Understanding Blockchain Security

It is easy to fall victim to the notion that blockchain with its many utilities could serve as a foolproof defence against cyber security risks. While blockchain will inevitably improve cyber security for organisations and individuals, it is dangerous to rely completely on its present capabilities to secure information against cyber attacks. There are various examples that show the cyber security risks inherent in blockchain technology.

Risks Persist

In 2016, digital venture capital fund, the DAO (Decentralised Autonomous Organisation) lost $52,000,000 due to a flaw in the Split DAO function of the DAO smart contract. The DAO function was initially designed to enable DAO participants to transfer their account balance into new investments. The flaw in the function allowed attackers to carry out the same split multiple times until the DAO was nearly empty.

In the same year, 120,000 Bitcoin were removed from customer accounts of Hong Kong based crypto currency exchange, Bitfinex. Bitfinex is known for its multi-signature key management system, a security measure that divides private keys for each user’s wallet among two different parties to reduce the likelihood of a successful breach.
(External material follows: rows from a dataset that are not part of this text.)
(* Under the setting and assumptions (A1)–(A3) below, with $N>L$, let $\widehat{Q}_{N,L}\in\operatorname{argmin}_{Q\in\mathcal{Q}_d}\mathrm{MoM}_L^N(f_Q)$ and $Q^\ast\in\operatorname{argmin}_{Q\in\mathcal{Q}_d}Pf_Q$. Then with probability at least $1-2\exp\!\left(-2L\left(\frac{2}{4+\eta}-\frac{|\mathcal{O}|}{L}\right)^2\right)$, \[\left|Pf_{\widehat{Q}_{N,L}}-Pf_{Q^\ast}\right|\le 2C\max\left\{\sqrt{\frac{L}{N}},\ \frac{\sqrt{|\mathcal{I}|}}{N}\right\},\] with $C=2\max\left\{\sqrt{\frac{8(4+\eta)C(P)}{\eta}},\ \frac{16\sqrt{(p-d)\mu_4}\,(4+\eta)}{\eta}\right\}$ and $C(P)=(\mu_4+2\mu_2^2)(p-d)+(\mu_2^2-1)(p-d)^2$.
   Context: Data $\boldsymbol{X}_1,\dots,\boldsymbol{X}_N\in\mathbb{R}^p$, with $[N]=\mathcal{I}\cup\mathcal{O}$ a disjoint partition into inliers and outliers; $B_1,\dots,B_L$ a partition of $[N]$ into $L$ blocks each of size $B=N/L$. Assumptions: (A1) $\{\boldsymbol{X}_i\}_{i\in\mathcal{I}}$ are i.i.d. with distribution $P$; (A2) $\mu_4=\int\|\boldsymbol{x}\|^4P(d\boldsymbol{x})<\infty$; (A3) there exists $\eta>0$ with $L>(2+\eta)|\mathcal{O}|$; nothing is assumed about $\{\boldsymbol{X}_i\}_{i\in\mathcal{O}}$. $\mathcal{Q}_d$ is the set of $p\times p$ (orthogonal) projection matrices of rank $d$; $f_Q(\boldsymbol{x})=\boldsymbol{x}^\top(I-Q)\boldsymbol{x}$; $Pf_Q=\int f_Q\,dP$; $P_{B_\ell}f_Q=\frac1B\sum_{i\in B_\ell}f_Q(\boldsymbol{X}_i)$; $\mathrm{MoM}_L^N(f_Q)=\mathrm{Median}\{P_{B_\ell}f_Q:\ell=1,\dots,L\}$; $\mu_k=\int\|\boldsymbol{x}\|_2^k\,dP$. *)

theory Defs
  imports "HOL-Probability.Probability"
begin

definition proj_mats :: "nat \<Rightarrow> (real^'p^'p) set" where
  "proj_mats d = {Q. transpose Q = Q \<and> Q ** Q = Q \<and> rank Q = d}"

definition fQ :: "real^'p^'p \<Rightarrow> real^'p \<Rightarrow> real" where
  "fQ Q x = x \<bullet> ((mat 1 - Q) *v x)"

definition median :: "real list \<Rightarrow> real" where
  "median xs = (let s = sort xs; n = length xs in
     if odd n then s ! (n div 2) else (s ! (n div 2 - 1) + s ! (n div 2)) / 2)"

definition MoM :: "nat \<Rightarrow> (nat \<Rightarrow> nat set) \<Rightarrow> nat \<Rightarrow> (nat \<Rightarrow> real^'p)
    \<Rightarrow> real^'p^'p \<Rightarrow> real" where
  "MoM L Bl Bsz x Q = median (map (\<lambda>l. (1 / real Bsz) * (\<Sum>i\<in>Bl l. fQ Q (x i))) [1..<L+1])"

end

theory Submission
  imports Defs
begin

(* Write f_Q(x) = sum_jk (I - Q)_jk x_j x_k. Since the Frobenius norm of I - Q is sqrt (p - d)
   for every rank-d projection Q, Cauchy-Schwarz bounds the deviation of the block mean of f_Q
   from P f_Q by sqrt (p - d) times the Frobenius distance between the block's empirical
   second-moment matrix and that of P, uniformly in Q. For a block of inliers the squared
   distance has expectation at most mu4 / B, so by Markov it exceeds
   s = 2 (4 + eta) mu4 / (eta B) with probability at most q = eta / (2 (4 + eta)).
   At most |O| blocks contain an outlier, and Hoeffding's inequality over the independent
   clean blocks shows that with probability at least 1 - exp (-2 L delta^2) more than half
   of all blocks are clean with distance below s. On that event the median of the block
   means is within t = sqrt (p - d) sqrt s of P f_Q for every Q at once, so the
   median-of-means minimiser has excess risk at most 2 t. Only the fourth-moment term of
   the constant C is needed to bound t. *)

section \<open>Orthogonal projections\<close>

lemma matrix_diff_ldistrib: "(A::'a::ring_1^'n^'m) ** (B - C) = A ** B - A ** C"
  by (simp add: vec_eq_iff matrix_matrix_mult_def sum_subtractf algebra_simps)
(* Let $d\geq 3$, $k\geq 1$ and $2\leq l\leq d$. For every directed plateau polyhypercube $P$ of dimension $d$ and width $k$, the projection of $P$ onto the coordinate plane $(\vec{i_1},\vec{i_l})$ is a directed column-convex polyomino of width $k$.
   Context: Work in $\mathbb{Z}^d$ with orthonormal coordinate system $(0,\vec{i_1},\dots,\vec{i_d})$; a cell is a unit hypercube of the lattice. A polyhypercube of dimension $d$ is a finite union of cells, connected through their $(d-1)$-dimensional faces, defined up to translation. Its width is the number of distinct values of the $\vec{i_1}$-coordinate taken by its cells (so a polyhypercube of width one is called a stratum; the strata of a polyhypercube are its intersections with the layers of constant $\vec{i_1}$-coordinate). A plateau is a stratum that is a hyperrectangle (a box). An elementary step is a positive move of one unit along one axis $\vec{i_j}$, $1\leq j\leq d$. A polyhypercube is directed if there is a distinguished cell (the root) from which every cell can be reached by a path of cells of the polyhypercube using only elementary steps. A directed plateau polyhypercube is a directed polyhypercube all of whose strata are plateaus. The projection onto the plane $(\vec{i_1},\vec{i_l})$ is the set of unit squares $(x_1,x_l)$ such that some cell of the polyhypercube has these $\vec{i_1}$ and $\vec{i_l}$ coordinates; it is a polyomino whose columns correspond to the values of the $\vec{i_1}$-coordinate. A polyomino (finite edge-connected union of unit squares up to translation) is column-convex if its intersection with every column is connected, and directed if every cell can be reached from a root cell by a path of cells using only unit North or East steps; its width is its number of columns and its area its number of cells. *)

theory Defs
  imports Main
begin

text \<open>A cell of Z^d is identified with its minimal corner, a function nat => int whose
 coordinates 1..d are meaningful (coordinate 1 is the i_1 axis) and which is 0 elsewhere.\<close>

definition cell_space :: "nat \<Rightarrow> (nat \<Rightarrow> int) set" where
  "cell_space d = {x. \<forall>j. (j < 1 \<or> j > d) \<longrightarrow> x j = 0}"

definition face_adjacent :: "nat \<Rightarrow> (nat \<Rightarrow> int) \<Rightarrow> (nat \<Rightarrow> int) \<Rightarrow> bool" where
  "face_adjacent d x y \<longleftrightarrow> (\<exists>j\<in>{1..d}. (y = x(j := x j + 1) \<or> x = y(j := y j + 1)))"

definition polyhypercube :: "nat \<Rightarrow> (nat \<Rightarrow> int) set \<Rightarrow> bool" where
  "polyhypercube d P \<longleftrightarrow> finite P \<and> P \<noteq> {} \<and> P \<subseteq> cell_space d \<and>
     (\<forall>x\<in>P. \<forall>y\<in>P. (x, y) \<in> {(a, b). a \<in> P \<and> b \<in> P \<and> face_adjacent d a b}\<^sup>*)"

definition elem_step :: "nat \<Rightarrow> (nat \<Rightarrow> int) \<Rightarrow> (nat \<Rightarrow> int) \<Rightarrow> bool" where
  "elem_step d x y \<longleftrightarrow> (\<exists>j\<in>{1..d}. y = x(j := x j + 1))"

definition directed_ph :: "nat \<Rightarrow> (nat \<Rightarrow> int) set \<Rightarrow> bool" where
  "directed_ph d P \<longleftrightarrow> (\<exists>r\<in>P. \<forall>c\<in>P. (r, c) \<in> {(a, b). a \<in> P \<and> b \<in> P \<and> elem_step d a b}\<^sup>*)"

definition ph_width :: "(nat \<Rightarrow> int) set \<Rightarrow> nat" where
  "ph_width P = card ((\<lambda>x. x 1) ` P)"

definition stratum :: "(nat \<Rightarrow> int) set \<Rightarrow> int \<Rightarrow> (nat \<Rightarrow> int) set" where
  "stratum P a = {x \<in> P. x 1 = a}"

definition is_box :: "nat \<Rightarrow> (nat \<Rightarrow> int) set \<Rightarrow> bool" where
  "is_box d S \<longleftrightarrow> (\<exists>lo hi. S = {x \<in> cell_space d. \<forall>j\<in>{1..d}. lo j \<le> x j \<and> x j \<le> hi j})"

definition directed_plateau_ph :: "nat \<Rightarrow> (nat \<Rightarrow> int) set \<Rightarrow> bool" where
  "directed_plateau_ph d P \<longleftrightarrow> polyhypercube d P \<and> directed_ph d P \<and>
     (\<forall>a \<in> (\<lambda>x. x 1) ` P. is_box d (stratum P a))"

definition projection :: "(nat \<Rightarrow> int) set \<Rightarrow> nat \<Rightarrow> (int \<times> int) set" where
  "projection P l = (\<lambda>x. (x 1, x l)) ` P"

text \<open>Polyominoes: squares (column, row) in Z^2.\<close>
definition sq_adjacent :: "int \<times> int \<Rightarrow> int \<times> int \<Rightarrow> bool" where
  "sq_adjacent p q \<longleftrightarrow> \<bar>fst p - fst q\<bar> + \<bar>snd p - snd q\<bar> = 1"

definition polyomino :: "(int \<times> int) set \<Rightarrow> bool" where
  "polyomino Q \<longleftrightarrow> finite Q \<and> Q \<noteq> {} \<and>
     (\<forall>p\<in>Q. \<forall>q\<in>Q. (p, q) \<in> {(a, b). a \<in> Q \<and> b \<in> Q \<and> sq_adjacent a b}\<^sup>*)"

definition column_convex :: "(int \<times> int) set \<Rightarrow> bool" where
  "column_convex Q \<longleftrightarrow> (\<forall>a b1 b2 b. (a, b1) \<in> Q \<and> (a, b2) \<in> Q \<and> b1 \<le> b \<and> b \<le> b2 \<longrightarrow> (a, b) \<in> Q)"

definition ne_step :: "int \<times> int \<Rightarrow> int \<times> int \<Rightarrow> bool" where
  "ne_step p q \<longleftrightarrow> q = (fst p + 1, snd p) \<or> q = (fst p, snd p + 1)"

definition directed_polyomino :: "(int \<times> int) set \<Rightarrow> bool" where
  "directed_polyomino Q \<longleftrightarrow> (\<exists>r\<in>Q. \<forall>c\<in>Q. (r, c) \<in> {(a, b). a \<in> Q \<and> b \<in> Q \<and> ne_step a b}\<^sup>*)"

definition polyomino_width :: "(int \<times> int) set \<Rightarrow> nat" where
  "polyomino_width Q = card (fst ` Q)"

end

theory Submission
  imports Defs
begin

text \<open>Projecting onto the plane \<open>(i\<^sub>1, i\<^sub>l)\<close> turns every unit step of a cell into either no
  move or a unit move of its image, so connectivity and directedness survive the projection.
  Column convexity comes from the plateaus: the cells of a stratum with given \<open>i\<^sub>1\<close>-coordinate
  form a box, whose \<open>i\<^sub>l\<close>-coordinates fill an interval.\<close>

lemma rtrancl_restrict_image:
  assumes "(x, y) \<in> {(a, b). a \<in> P \<and> b \<in> P \<and> R a b}\<^sup>*"
    and "\<And>a b. a \<in> P \<Longrightarrow> b \<in> P \<Longrightarrow> R a b \<Longrightarrow> f a = f b \<or> S (f a) (f b)"
  shows "(f x, f y) \<in> {(a, b). a \<in> f ` P \<and> b \<in> f ` P \<and> S a b}\<^sup>*"
  using assms(1)
proof (induction rule: rtrancl_induct)
  case base
  then show ?case by simp
next
  case (step y z)
  then have yz: "y \<in> P" "z \<in> P" "R y z" by auto
  from assms(2)[OF yz] show ?case
  proof
    assume "f y = f z"
    then show ?thesis using step.IH by simp
  next
    assume "S (f y) (f z)"
    with yz have "(f y, f z) \<in> {(a, b). a \<in> f ` P \<and> b \<in> f ` P \<and> S a b}" by auto
    with step.IH show ?thesis by (rule rtrancl_into_rtrancl)
  qed
qed

lemma ne_step_imp_sq_adjacent: "ne_step p q \<Longrightarrow> sq_adjacent p q"
  unfolding ne_step_def sq_adjacent_def by auto

lemma sq_adjacent_sym: "sq_adjacent p q \<Longrightarrow> sq_adjacent q p"
  unfolding sq_adjacent_def by (simp add: abs_minus_commute)

lemma projection_of_unit_step:
  fixes x :: "nat \<Rightarrow> int" and j :: nat
  assumes "l \<noteq> 1"
  defines "y \<equiv> x(j := x j + 1)"
  shows "(x 1, x l) = (y 1, y l) \<or> ne_step (x 1, x l) (y 1, y l)"
  using assms by (cases "j = 1"; cases "j = l") (simp_all add: ne_step_def)

lemma polyomino_projection:
  assumes "polyhypercube d P" and "l \<noteq> 1"
  shows "polyomino (projection P l)"
  unfolding polyomino_def projection_def
proof (intro conjI ballI)
  show "finite ((\<lambda>x. (x 1, x l)) ` P)" and "(\<lambda>x. (x 1, x l)) ` P \<noteq> {}"
    using assms(1) unfolding polyhypercube_def by simp_all
  fix p q assume "p \<in> (\<lambda>x. (x 1, x l)) ` P" "q \<in> (\<lambda>x. (x 1, x l)) ` P"
  then obtain x y where xy: "x \<in> P" "y \<in> P" "p = (x 1, x l)" "q = (y 1, y l)" by auto
  have "(x, y) \<in> {(a, b). a \<in> P \<and> b \<in> P \<and> face_adjacent d a b}\<^sup>*"
    using assms(1) xy unfolding polyhypercube_def by auto
  then show "(p, q) \<in> {(a, b). a \<in> (\<lambda>x. (x 1, x l)) ` P \<and> b \<in> (\<lambda>x. (x 1, x l)) ` P
      \<and> sq_adjacent a b}\<^sup>*"
    unfolding xy(3,4)
  proof (rule rtrancl_restrict_image)
    fix a b assume "face_adjacent d a b"
    then obtain j where "b = a(j := a j + 1) \<or> a = b(j := b j + 1)"
      unfolding face_adjacent_def by auto
    then show "(a 1, a l) = (b 1, b l) \<or> sq_adjacent (a 1, a l) (b 1, b l)"
    proof
      assume b: "b = a(j := a j + 1)"
      from projection_of_unit_step[OF assms(2), of a j]
      show ?thesis unfolding b[symmetric] using ne_step_imp_sq_adjacent by blast
    next
      assume a: "a = b(j := b j + 1)"
      from projection_of_unit_step[OF assms(2), of b j]
      show ?thesis unfolding a[symmetric] using ne_step_imp_sq_adjacent sq_adjacent_sym by metis
    qed
  qed
qed

lemma directed_polyomino_projection:
  assumes "directed_ph d P" and "l \<noteq> 1"
  shows "directed_polyomino (projection P l)"
proof -
  obtain r where r: "r \<in> P"
    and reach: "\<And>c. c \<in> P \<Longrightarrow> (r, c) \<in> {(a, b). a \<in> P \<and> b \<in> P \<and> elem_step d a b}\<^sup>*"
    using assms(1) unfolding directed_ph_def by blast
  have "((r 1, r l), (c 1, c l)) \<in> {(a, b). a \<in> (\<lambda>x. (x 1, x l)) ` P
      \<and> b \<in> (\<lambda>x. (x 1, x l)) ` P \<and> ne_step a b}\<^sup>*" if "c \<in> P" for c
    using reach[OF that]
  proof (rule rtrancl_restrict_image)
    fix a b assume "elem_step d a b"
    then obtain j where "b = a(j := a j + 1)"
      unfolding elem_step_def by auto
    then show "(a 1, a l) = (b 1, b l) \<or> ne_step (a 1, a l) (b 1, b l)"
      using projection_of_unit_step[OF assms(2), of a j] by simp
  qed
  with r show ?thesis
    unfolding directed_polyomino_def projection_def by blast
qed

lemma box_update_between:
  assumes "is_box d S" and "x \<in> S" and "y \<in> S" and "l \<in> {1..d}"
    and "x l \<le> t" and "t \<le> y l"
  shows "x(l := t) \<in> S"
proof -
  obtain lo hi where S: "S = {z \<in> cell_space d. \<forall>j\<in>{1..d}. lo j \<le> z j \<and> z j \<le> hi j}"
    using assms(1) unfolding is_box_def by blast
  have x: "x \<in> cell_space d" "\<forall>j\<in>{1..d}. lo j \<le> x j \<and> x j \<le> hi j"
    using assms(2) S by auto
  have "y l \<le> hi l"
    using assms(3,4) S by auto
  with x(2) assms(4-6) have "lo l \<le> t" "t \<le> hi l"
    by fastforce+
  with x assms(4) show ?thesis
    unfolding S cell_space_def by auto
qed

lemma column_convex_projection:
  assumes "\<forall>a \<in> (\<lambda>x. x 1) ` P. is_box d (stratum P a)" and "l \<in> {2..d}"
  shows "column_convex (projection P l)"
  unfolding column_convex_def projection_def
proof (intro allI impI)
  fix a b1 b2 b
  assume "(a, b1) \<in> (\<lambda>x. (x 1, x l)) ` P \<and> (a, b2) \<in> (\<lambda>x. (x 1, x l)) ` P \<and> b1 \<le> b \<and> b \<le> b2"
  then obtain x y where xy: "x \<in> P" "y \<in> P" "x 1 = a" "y 1 = a" "x l = b1" "y l = b2"
    and b: "b1 \<le> b" "b \<le> b2"
    by auto
  have "is_box d (stratum P a)"
    using assms(1) xy(1,3) by blast
  moreover have "x \<in> stratum P a" "y \<in> stratum P a"
    using xy unfolding stratum_def by auto
  ultimately have "x(l := b) \<in> stratum P a"
    using box_update_between assms(2) xy(5,6) b by auto
  moreover have "l \<noteq> 1"
    using assms(2) by simp
  ultimately show "(a, b) \<in> (\<lambda>x. (x 1, x l)) ` P"
    unfolding stratum_def using xy(3) by (auto intro: rev_image_eqI)
qed

lemma polyomino_width_projection: "polyomino_width (projection P l) = ph_width P"
  unfolding polyomino_width_def ph_width_def projection_def by (simp add: image_image)

theorem theorem1:
  fixes d k l :: nat and P :: "(nat \<Rightarrow> int) set"
  assumes "d \<ge> 3" and "k \<ge> 1" and "2 \<le> l" and "l \<le> d"
    and "directed_plateau_ph d P" and "ph_width P = k"
  shows "polyomino (projection P l) \<and> column_convex (projection P l)
         \<and> directed_polyomino (projection P l) \<and> polyomino_width (projection P l) = k"
proof -
  have l: "l \<in> {2..d}" "l \<noteq> 1"
    using assms(3,4) by auto
  have P: "polyhypercube d P" "directed_ph d P" "\<forall>a \<in> (\<lambda>x. x 1) ` P. is_box d (stratum P a)"
    using assms(5) unfolding directed_plateau_ph_def by auto
  show ?thesis
  proof (intro conjI)
    show "polyomino (projection P l)"
      using polyomino_projection[OF P(1) l(2)] .
    show "column_convex (projection P l)"
      using column_convex_projection[OF P(3) l(1)] .
    show "directed_polyomino (projection P l)"
      using directed_polyomino_projection[OF P(2) l(2)] .
    show "polyomino_width (projection P l) = k"
      using polyomino_width_projection assms(6) by simp
  qed
qed

end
It is important for organisations to recognise how easy it is to abuse the efficacy of blockchain technology from within an organization. Attackers are likely to achieve concencus on transactions for their own benefit. Having thorough understanding of the on boarding process of participants in a blockchain may aid in preventing such occurrences. Machine learning capabilities may enable organisations to better understand participant behaviour.

Maturity Model Solutions

The solutions to scenarios such as the aforementioned may seem simple but at times prove to be incredibly complex to articulate and implement. Applying an adequate risk management framework to cyber security in blockchain requires several considerations that effectively support prevention, detection, and response to cyber security risks in blockchain technology. As an example, systems should be tested frequently enough in order to identify flaws in security frameworks.

A maturity model should be followed by organizations looking to base their application of blockchain on structured frameworks for information security. The Capability Maturity Model (CMMI) for IT maturity , established by ISACA, may be considered as a starting point. The model defines five maturity levels: initial, managed, defined, quantitatively managed, and optimising.

An organisation with an initial maturity level lacks process requirements and process areas, exposing it to risks of, inter alia, exceeding budgets for projects. An organisation with a managed maturity level has processes characterised for projects but is often reactive. In contract, an organisation with a defined maturity level is often proactive in its approach. Organisations with quantitatively managed maturity have subprocesses that are maintained using statistical and other quantitative techniques. At maturity level 5,(optimising), organisations focus on continually improving process performance through enhancements in their technology.

Benefits Abound

To improve maturity for the security of a blockchain application, an organisation must ensure that assessments and controls are robust and dynamic enough to identify risks. The updating of data on a distributed ledger technology for example, should be verified for accuracy and validity through controls and assessments. A monitoring system should be in place to ensure that the data integrity of data sources to the distributed ledger technology of an organisation is maintained.

Utilising a maturity model provides several benefits for organisations: clear insight into blockchain risks, transition from proof of concept to production, establishment of a validated model, and a concrete action plan for the improvement of an organisation’s maturity.


A robust framework allows for greater accountability in an organisation in relation to maintaining the success of its information security as it applies blockchain technology to its business operations. Unfortunately, a framework will not suffice alone as personnel must be encouraged via a tone at the top to contribute to the attainment of adequate blockchain maturity levels.